INSTRUCTIONS FOR THE TASK:
The expected output is the data below, restated word for word.
*** RECORDS SUPPLIED ***
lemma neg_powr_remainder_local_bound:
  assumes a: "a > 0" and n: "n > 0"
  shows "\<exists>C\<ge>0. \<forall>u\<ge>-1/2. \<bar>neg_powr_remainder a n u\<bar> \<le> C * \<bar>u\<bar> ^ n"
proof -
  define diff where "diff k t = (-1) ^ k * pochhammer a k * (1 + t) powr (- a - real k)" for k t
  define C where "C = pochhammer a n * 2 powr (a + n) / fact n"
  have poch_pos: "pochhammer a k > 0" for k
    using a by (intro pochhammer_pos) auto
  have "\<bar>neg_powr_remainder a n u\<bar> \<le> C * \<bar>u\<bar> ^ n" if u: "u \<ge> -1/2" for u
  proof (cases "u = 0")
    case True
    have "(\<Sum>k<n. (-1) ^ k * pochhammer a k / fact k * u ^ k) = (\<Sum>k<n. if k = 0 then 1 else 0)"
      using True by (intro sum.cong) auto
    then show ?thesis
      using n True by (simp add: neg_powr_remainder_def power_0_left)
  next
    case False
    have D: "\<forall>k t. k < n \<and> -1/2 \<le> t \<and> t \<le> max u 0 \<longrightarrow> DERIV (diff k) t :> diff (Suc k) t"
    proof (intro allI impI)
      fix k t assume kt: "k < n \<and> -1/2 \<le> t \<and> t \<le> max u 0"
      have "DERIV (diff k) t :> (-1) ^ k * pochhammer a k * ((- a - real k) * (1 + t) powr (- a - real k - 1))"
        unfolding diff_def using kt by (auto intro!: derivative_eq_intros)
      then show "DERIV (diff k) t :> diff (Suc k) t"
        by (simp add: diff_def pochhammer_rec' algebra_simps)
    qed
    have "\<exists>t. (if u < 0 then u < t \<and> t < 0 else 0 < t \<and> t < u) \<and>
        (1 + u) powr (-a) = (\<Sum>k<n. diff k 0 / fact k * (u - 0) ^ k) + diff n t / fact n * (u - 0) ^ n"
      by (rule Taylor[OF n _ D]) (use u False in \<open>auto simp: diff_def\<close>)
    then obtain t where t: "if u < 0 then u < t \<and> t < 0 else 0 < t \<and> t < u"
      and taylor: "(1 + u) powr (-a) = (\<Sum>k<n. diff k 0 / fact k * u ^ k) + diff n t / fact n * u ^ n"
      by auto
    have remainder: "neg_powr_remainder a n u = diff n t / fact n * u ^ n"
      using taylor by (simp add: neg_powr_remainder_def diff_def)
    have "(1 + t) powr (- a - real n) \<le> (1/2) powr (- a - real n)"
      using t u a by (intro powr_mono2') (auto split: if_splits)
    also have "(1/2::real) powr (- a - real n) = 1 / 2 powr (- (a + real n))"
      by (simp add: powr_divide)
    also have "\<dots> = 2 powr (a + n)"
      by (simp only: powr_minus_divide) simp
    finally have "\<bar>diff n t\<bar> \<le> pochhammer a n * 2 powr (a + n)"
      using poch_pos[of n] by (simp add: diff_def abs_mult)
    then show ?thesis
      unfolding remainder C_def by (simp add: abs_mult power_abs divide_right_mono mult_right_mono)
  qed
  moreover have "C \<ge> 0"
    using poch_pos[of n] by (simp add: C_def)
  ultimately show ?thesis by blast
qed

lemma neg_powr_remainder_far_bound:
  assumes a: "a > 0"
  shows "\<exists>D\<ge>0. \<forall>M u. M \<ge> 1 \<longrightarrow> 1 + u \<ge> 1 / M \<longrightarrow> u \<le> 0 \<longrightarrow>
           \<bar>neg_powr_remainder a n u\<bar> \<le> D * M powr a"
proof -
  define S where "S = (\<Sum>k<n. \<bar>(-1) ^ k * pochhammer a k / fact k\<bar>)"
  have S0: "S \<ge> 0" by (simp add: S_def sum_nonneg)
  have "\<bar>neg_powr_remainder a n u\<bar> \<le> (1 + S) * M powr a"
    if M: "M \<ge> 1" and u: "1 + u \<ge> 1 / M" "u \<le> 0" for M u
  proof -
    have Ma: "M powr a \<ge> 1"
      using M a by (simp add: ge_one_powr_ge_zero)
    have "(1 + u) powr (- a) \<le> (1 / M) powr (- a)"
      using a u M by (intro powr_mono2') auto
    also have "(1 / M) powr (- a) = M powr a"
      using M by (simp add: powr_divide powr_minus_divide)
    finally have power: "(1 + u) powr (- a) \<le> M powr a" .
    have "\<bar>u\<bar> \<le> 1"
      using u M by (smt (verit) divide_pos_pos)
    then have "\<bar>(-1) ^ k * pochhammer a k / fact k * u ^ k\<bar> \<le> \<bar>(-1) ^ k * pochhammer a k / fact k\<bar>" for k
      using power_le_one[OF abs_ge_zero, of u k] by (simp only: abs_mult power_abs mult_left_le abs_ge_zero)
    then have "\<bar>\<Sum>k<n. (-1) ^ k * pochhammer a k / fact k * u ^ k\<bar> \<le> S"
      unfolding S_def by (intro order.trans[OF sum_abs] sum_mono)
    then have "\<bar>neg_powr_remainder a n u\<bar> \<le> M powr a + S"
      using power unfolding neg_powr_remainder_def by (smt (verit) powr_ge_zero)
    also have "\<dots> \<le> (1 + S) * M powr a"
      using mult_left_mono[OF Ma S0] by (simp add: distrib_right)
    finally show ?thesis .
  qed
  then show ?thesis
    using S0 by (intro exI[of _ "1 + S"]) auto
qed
*** End of RECORDS SUPPLIED ***
EXPECTED ANSWER:
lemma neg_powr_remainder_local_bound:
  assumes a: "a > 0" and n: "n > 0"
  shows "\<exists>C\<ge>0. \<forall>u\<ge>-1/2. \<bar>neg_powr_remainder a n u\<bar> \<le> C * \<bar>u\<bar> ^ n"
proof -
  define diff where "diff k t = (-1) ^ k * pochhammer a k * (1 + t) powr (- a - real k)" for k t
  define C where "C = pochhammer a n * 2 powr (a + n) / fact n"
  have poch_pos: "pochhammer a k > 0" for k
    using a by (intro pochhammer_pos) auto
  have "\<bar>neg_powr_remainder a n u\<bar> \<le> C * \<bar>u\<bar> ^ n" if u: "u \<ge> -1/2" for u
  proof (cases "u = 0")
    case True
    have "(\<Sum>k<n. (-1) ^ k * pochhammer a k / fact k * u ^ k) = (\<Sum>k<n. if k = 0 then 1 else 0)"
      using True by (intro sum.cong) auto
    then show ?thesis
      using n True by (simp add: neg_powr_remainder_def power_0_left)
  next
    case False
    have D: "\<forall>k t. k < n \<and> -1/2 \<le> t \<and> t \<le> max u 0 \<longrightarrow> DERIV (diff k) t :> diff (Suc k) t"
    proof (intro allI impI)
      fix k t assume kt: "k < n \<and> -1/2 \<le> t \<and> t \<le> max u 0"
      have "DERIV (diff k) t :> (-1) ^ k * pochhammer a k * ((- a - real k) * (1 + t) powr (- a - real k - 1))"
        unfolding diff_def using kt by (auto intro!: derivative_eq_intros)
      then show "DERIV (diff k) t :> diff (Suc k) t"
        by (simp add: diff_def pochhammer_rec' algebra_simps)
    qed
    have "\<exists>t. (if u < 0 then u < t \<and> t < 0 else 0 < t \<and> t < u) \<and>
        (1 + u) powr (-a) = (\<Sum>k<n. diff k 0 / fact k * (u - 0) ^ k) + diff n t / fact n * (u - 0) ^ n"
      by (rule Taylor[OF n _ D]) (use u False in \<open>auto simp: diff_def\<close>)
    then obtain t where t: "if u < 0 then u < t \<and> t < 0 else 0 < t \<and> t < u"
      and taylor: "(1 + u) powr (-a) = (\<Sum>k<n. diff k 0 / fact k * u ^ k) + diff n t / fact n * u ^ n"
      by auto
    have remainder: "neg_powr_remainder a n u = diff n t / fact n * u ^ n"
      using taylor by (simp add: neg_powr_remainder_def diff_def)
    have "(1 + t) powr (- a - real n) \<le> (1/2) powr (- a - real n)"
      using t u a by (intro powr_mono2') (auto split: if_splits)
    also have "(1/2::real) powr (- a - real n) = 1 / 2 powr (- (a + real n))"
      by (simp add: powr_divide)
    also have "\<dots> = 2 powr (a + n)"
      by (simp only: powr_minus_divide) simp
    finally have "\<bar>diff n t\<bar> \<le> pochhammer a n * 2 powr (a + n)"
      using poch_pos[of n] by (simp add: diff_def abs_mult)
    then show ?thesis
      unfolding remainder C_def by (simp add: abs_mult power_abs divide_right_mono mult_right_mono)
  qed
  moreover have "C \<ge> 0"
    using poch_pos[of n] by (simp add: C_def)
  ultimately show ?thesis by blast
qed

lemma neg_powr_remainder_far_bound:
  assumes a: "a > 0"
  shows "\<exists>D\<ge>0. \<forall>M u. M \<ge> 1 \<longrightarrow> 1 + u \<ge> 1 / M \<longrightarrow> u \<le> 0 \<longrightarrow>
           \<bar>neg_powr_remainder a n u\<bar> \<le> D * M powr a"
proof -
  define S where "S = (\<Sum>k<n. \<bar>(-1) ^ k * pochhammer a k / fact k\<bar>)"
  have S0: "S \<ge> 0" by (simp add: S_def sum_nonneg)
  have "\<bar>neg_powr_remainder a n u\<bar> \<le> (1 + S) * M powr a"
    if M: "M \<ge> 1" and u: "1 + u \<ge> 1 / M" "u \<le> 0" for M u
  proof -
    have Ma: "M powr a \<ge> 1"
      using M a by (simp add: ge_one_powr_ge_zero)
    have "(1 + u) powr (- a) \<le> (1 / M) powr (- a)"
      using a u M by (intro powr_mono2') auto
    also have "(1 / M) powr (- a) = M powr a"
      using M by (simp add: powr_divide powr_minus_divide)
    finally have power: "(1 + u) powr (- a) \<le> M powr a" .
    have "\<bar>u\<bar> \<le> 1"
      using u M by (smt (verit) divide_pos_pos)
    then have "\<bar>(-1) ^ k * pochhammer a k / fact k * u ^ k\<bar> \<le> \<bar>(-1) ^ k * pochhammer a k / fact k\<bar>" for k
      using power_le_one[OF abs_ge_zero, of u k] by (simp only: abs_mult power_abs mult_left_le abs_ge_zero)
    then have "\<bar>\<Sum>k<n. (-1) ^ k * pochhammer a k / fact k * u ^ k\<bar> \<le> S"
      unfolding S_def by (intro order.trans[OF sum_abs] sum_mono)
    then have "\<bar>neg_powr_remainder a n u\<bar> \<le> M powr a + S"
      using power unfolding neg_powr_remainder_def by (smt (verit) powr_ge_zero)
    also have "\<dots> \<le> (1 + S) * M powr a"
      using mult_left_mono[OF Ma S0] by (simp add: distrib_right)
    finally show ?thesis .
  qed
  then show ?thesis
    using S0 by (intro exI[of _ "1 + S"]) auto
qed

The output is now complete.